What you have to do
Filter the records below for the word "proof". Copy each line that holds it.

Input data
lemma texp_cbox_01: "texp ` cbox 0 1 = range texp"
proof -
  have "texp t \<in> texp ` cbox 0 1" for t
  proof
    have "t = (\<chi> i. frac (t $ i)) + rvec (\<chi> i. \<lfloor>t $ i\<rfloor>)"
      by (simp add: vec_eq_iff rvec_def frac_def)
    then have "texp (\<chi> i. frac (t $ i)) = texp t"
      unfolding texp_eq_iff by blast
    then show "texp t = texp (\<chi> i. frac (t $ i))" by simp
    show "(\<chi> i. frac (t $ i)) \<in> cbox 0 1"
      by (simp add: mem_box_cart frac_lt_1 less_imp_le)
  qed
  then show ?thesis by blast
qed

lemma quotient_map_texp_cbox: "quotient_map (top_of_set (cbox 0 1)) torus texp"
proof (rule continuous_imp_quotient_map)
  show "continuous_map (top_of_set (cbox 0 1)) torus texp"
    by (rule continuous_map_from_subtopology[OF continuous_map_texp])
  show "compact_space (top_of_set (cbox (0::real^'s) 1))"
    by (simp add: compact_space_subtopology compactin_euclidean_iff)
  show "Hausdorff_space torus"
    unfolding torus_def by (rule Hausdorff_space_subtopology) simp
  show "texp ` topspace (top_of_set (cbox 0 1)) = topspace torus"
    by (simp add: torus_def texp_cbox_01)
qed

lemma model_rel_trans [trans]: "model_rel \<mu> a b \<Longrightarrow> model_rel \<mu> b c \<Longrightarrow> model_rel \<mu> a c"
  unfolding model_rel_def by (rule equivclp_trans)

lemma model_rel_sym [sym]: "model_rel \<mu> a b \<Longrightarrow> model_rel \<mu> b a"
  unfolding model_rel_def by (rule equivclp_sym)

lemma model_gen_imp_model_rel: "model_gen \<mu> a b \<Longrightarrow> model_rel \<mu> a b"
  unfolding model_rel_def by (rule r_into_equivclp)

lemma model_rel_translate_axis: "model_rel \<mu> (t, 0) (t + of_int m *\<^sub>R axis i 1, 0)"
proof (induction m rule: int_induct [where k = 0])
  case base
  show ?case by (simp add: model_rel_def)
next
  case (step1 m)
  note step1.IH
  also have "model_rel \<mu> (t + of_int m *\<^sub>R axis i 1, 0) (t + of_int (m + 1) *\<^sub>R axis i 1, 0)"
    by (rule model_gen_imp_model_rel) (auto simp: model_gen_def algebra_simps)
  finally show ?case .
next
  case (step2 m)
  note step2.IH
  also have "model_rel \<mu> (t + of_int m *\<^sub>R axis i 1, 0) (t + of_int (m - 1) *\<^sub>R axis i 1, 0)"
    by (rule model_rel_sym, rule model_gen_imp_model_rel) (auto simp: model_gen_def algebra_simps)
  finally show ?case .
qed

lemma model_rel_translate_lattice: "model_rel \<mu> (t, 0) (t + rvec n, 0)"
proof -
  have "model_rel \<mu> (t, 0) (t + (\<Sum>i\<in>I. of_int (n $ i) *\<^sub>R axis i 1), 0)" for I t
    using finite [of I]
  proof (induction I arbitrary: t rule: finite_induct)
    case empty
    show ?case by (simp add: model_rel_def)
  next
    case (insert i I)
    let ?s = "of_int (n $ i) *\<^sub>R axis i 1"
    have "model_rel \<mu> (t, 0) (t + ?s + (\<Sum>i\<in>I. of_int (n $ i) *\<^sub>R axis i 1), 0)"
      using model_rel_translate_axis insert.IH by (rule model_rel_trans)
    moreover have "t + ?s + (\<Sum>i\<in>I. of_int (n $ i) *\<^sub>R axis i 1)
        = t + (\<Sum>i\<in>insert i I. of_int (n $ i) *\<^sub>R axis i 1)"
      using insert.hyps by (simp add: add.assoc)
    ultimately show ?case
      by (simp only:)
  qed
  moreover have "(\<Sum>i\<in>UNIV. of_int (n $ i) *\<^sub>R axis i 1) = rvec n"
    using basis_expansion [of "rvec n"] by (simp add: rvec_def scalar_mult_eq_scaleR)
  ultimately show ?thesis by metis
qed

Reply
proof -
  proof
proof (rule continuous_imp_quotient_map)
proof (induction m rule: int_induct [where k = 0])
proof -
  proof (induction I arbitrary: t rule: finite_induct)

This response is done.